> _Problem description_
Every record must be repeated precisely as it stands.

> _Data section_
text \<open>A bipartite matching is its set of edges (a, b) (a top, ~b bottom), each vertex
  in at most one edge; the remaining vertices are isolated.  No edge between T_- and B_-.\<close>
definition matchings :: "nat \<Rightarrow> nat \<Rightarrow> nat \<Rightarrow> (int \<times> int) set set" where
  "matchings \<alpha> n j = {M. M \<subseteq> top_verts \<alpha> n j \<times> bot_verts n j \<and>
      (\<forall>(a, b)\<in>M. \<forall>(c, d)\<in>M. (a = c \<longleftrightarrow> b = d)) \<and>
      (\<forall>(a, b)\<in>M. \<not> (a < 0 \<and> b < 0))}"

definition matchings_l :: "nat \<Rightarrow> nat \<Rightarrow> nat \<Rightarrow> nat \<Rightarrow> (int \<times> int) set set" where
  "matchings_l \<alpha> n j l = {M \<in> matchings \<alpha> n j. card M = l}"

definition cr :: "nat \<Rightarrow> nat \<Rightarrow> nat \<Rightarrow> (int \<times> int) set \<Rightarrow> nat" where
  "cr \<alpha> n j M =
     card {(e, f). e \<in> M \<and> f \<in> M \<and> fst e < fst f \<and> snd f < snd e}
   + card {(e, c). e \<in> M \<and> c \<in> top_verts \<alpha> n j \<and> c \<notin> fst ` M \<and> c < fst e}
   + card {(e, d). e \<in> M \<and> d \<in> bot_verts n j \<and> d \<notin> snd ` M \<and> d < snd e}"

end

theory Submission
  imports Defs
begin

(* Induct on the top vertex set by removing its smallest vertex a.  If a is isolated, it lies
   left of the top end of every edge, contributing one (C2) crossing per edge: a factor q^t.
   If a is matched to b, the edge (a, b) crosses exactly the edges and the isolated bottom
   vertices whose bottom end lies left of b, i.e. it gains one crossing per bottom vertex
   below b; summing q^(number of bottom vertices below b) over b gives [|B|]_q.  The two
   cases together are the q-Pascal rule for the first q-binomial coefficient, once
   [m]_q [m-1 choose t-1]_q [t-1]_q! = [m choose t]_q [t]_q! is used for the bottom row.
   Only the linear order of each row matters, so the identity holds for any finite linearly
   ordered rows A and B; for j = 0 there is no B_-, so the matchings of the statement are
   exactly the partial matchings between the two rows. *)

lemma qfact_0 [simp]: "qfact q 0 = 1"
  by (simp add: qfact_def)

lemma qfact_Suc: "qfact q (Suc n) = qfact q n * qint q (Suc n)"
  unfolding qfact_def by (simp add: prod.nat_ivl_Suc')

lemma qint_pos: "0 \<le> q \<Longrightarrow> q < 1 \<Longrightarrow> 0 < n \<Longrightarrow> 0 < qint q n"
  unfolding qint_def by (simp add: power_less_one_iff)

lemma qfact_pos: "0 \<le> q \<Longrightarrow> q < 1 \<Longrightarrow> 0 < qfact q n"
  by (induction n) (simp_all add: qfact_Suc qint_pos)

> _Response for this exercise_
text \<open>A bipartite matching is its set of edges (a, b) (a top, ~b bottom), each vertex
  in at most one edge; the remaining vertices are isolated.  No edge between T_- and B_-.\<close>
definition matchings :: "nat \<Rightarrow> nat \<Rightarrow> nat \<Rightarrow> (int \<times> int) set set" where
  "matchings \<alpha> n j = {M. M \<subseteq> top_verts \<alpha> n j \<times> bot_verts n j \<and>
      (\<forall>(a, b)\<in>M. \<forall>(c, d)\<in>M. (a = c \<longleftrightarrow> b = d)) \<and>
      (\<forall>(a, b)\<in>M. \<not> (a < 0 \<and> b < 0))}"

definition matchings_l :: "nat \<Rightarrow> nat \<Rightarrow> nat \<Rightarrow> nat \<Rightarrow> (int \<times> int) set set" where
  "matchings_l \<alpha> n j l = {M \<in> matchings \<alpha> n j. card M = l}"

definition cr :: "nat \<Rightarrow> nat \<Rightarrow> nat \<Rightarrow> (int \<times> int) set \<Rightarrow> nat" where
  "cr \<alpha> n j M =
     card {(e, f). e \<in> M \<and> f \<in> M \<and> fst e < fst f \<and> snd f < snd e}
   + card {(e, c). e \<in> M \<and> c \<in> top_verts \<alpha> n j \<and> c \<notin> fst ` M \<and> c < fst e}
   + card {(e, d). e \<in> M \<and> d \<in> bot_verts n j \<and> d \<notin> snd ` M \<and> d < snd e}"

end

theory Submission
  imports Defs
begin

(* Induct on the top vertex set by removing its smallest vertex a.  If a is isolated, it lies
   left of the top end of every edge, contributing one (C2) crossing per edge: a factor q^t.
   If a is matched to b, the edge (a, b) crosses exactly the edges and the isolated bottom
   vertices whose bottom end lies left of b, i.e. it gains one crossing per bottom vertex
   below b; summing q^(number of bottom vertices below b) over b gives [|B|]_q.  The two
   cases together are the q-Pascal rule for the first q-binomial coefficient, once
   [m]_q [m-1 choose t-1]_q [t-1]_q! = [m choose t]_q [t]_q! is used for the bottom row.
   Only the linear order of each row matters, so the identity holds for any finite linearly
   ordered rows A and B; for j = 0 there is no B_-, so the matchings of the statement are
   exactly the partial matchings between the two rows. *)

lemma qfact_0 [simp]: "qfact q 0 = 1"
  by (simp add: qfact_def)

lemma qfact_Suc: "qfact q (Suc n) = qfact q n * qint q (Suc n)"
  unfolding qfact_def by (simp add: prod.nat_ivl_Suc')

lemma qint_pos: "0 \<le> q \<Longrightarrow> q < 1 \<Longrightarrow> 0 < n \<Longrightarrow> 0 < qint q n"
  unfolding qint_def by (simp add: power_less_one_iff)

lemma qfact_pos: "0 \<le> q \<Longrightarrow> q < 1 \<Longrightarrow> 0 < qfact q n"
  by (induction n) (simp_all add: qfact_Suc qint_pos)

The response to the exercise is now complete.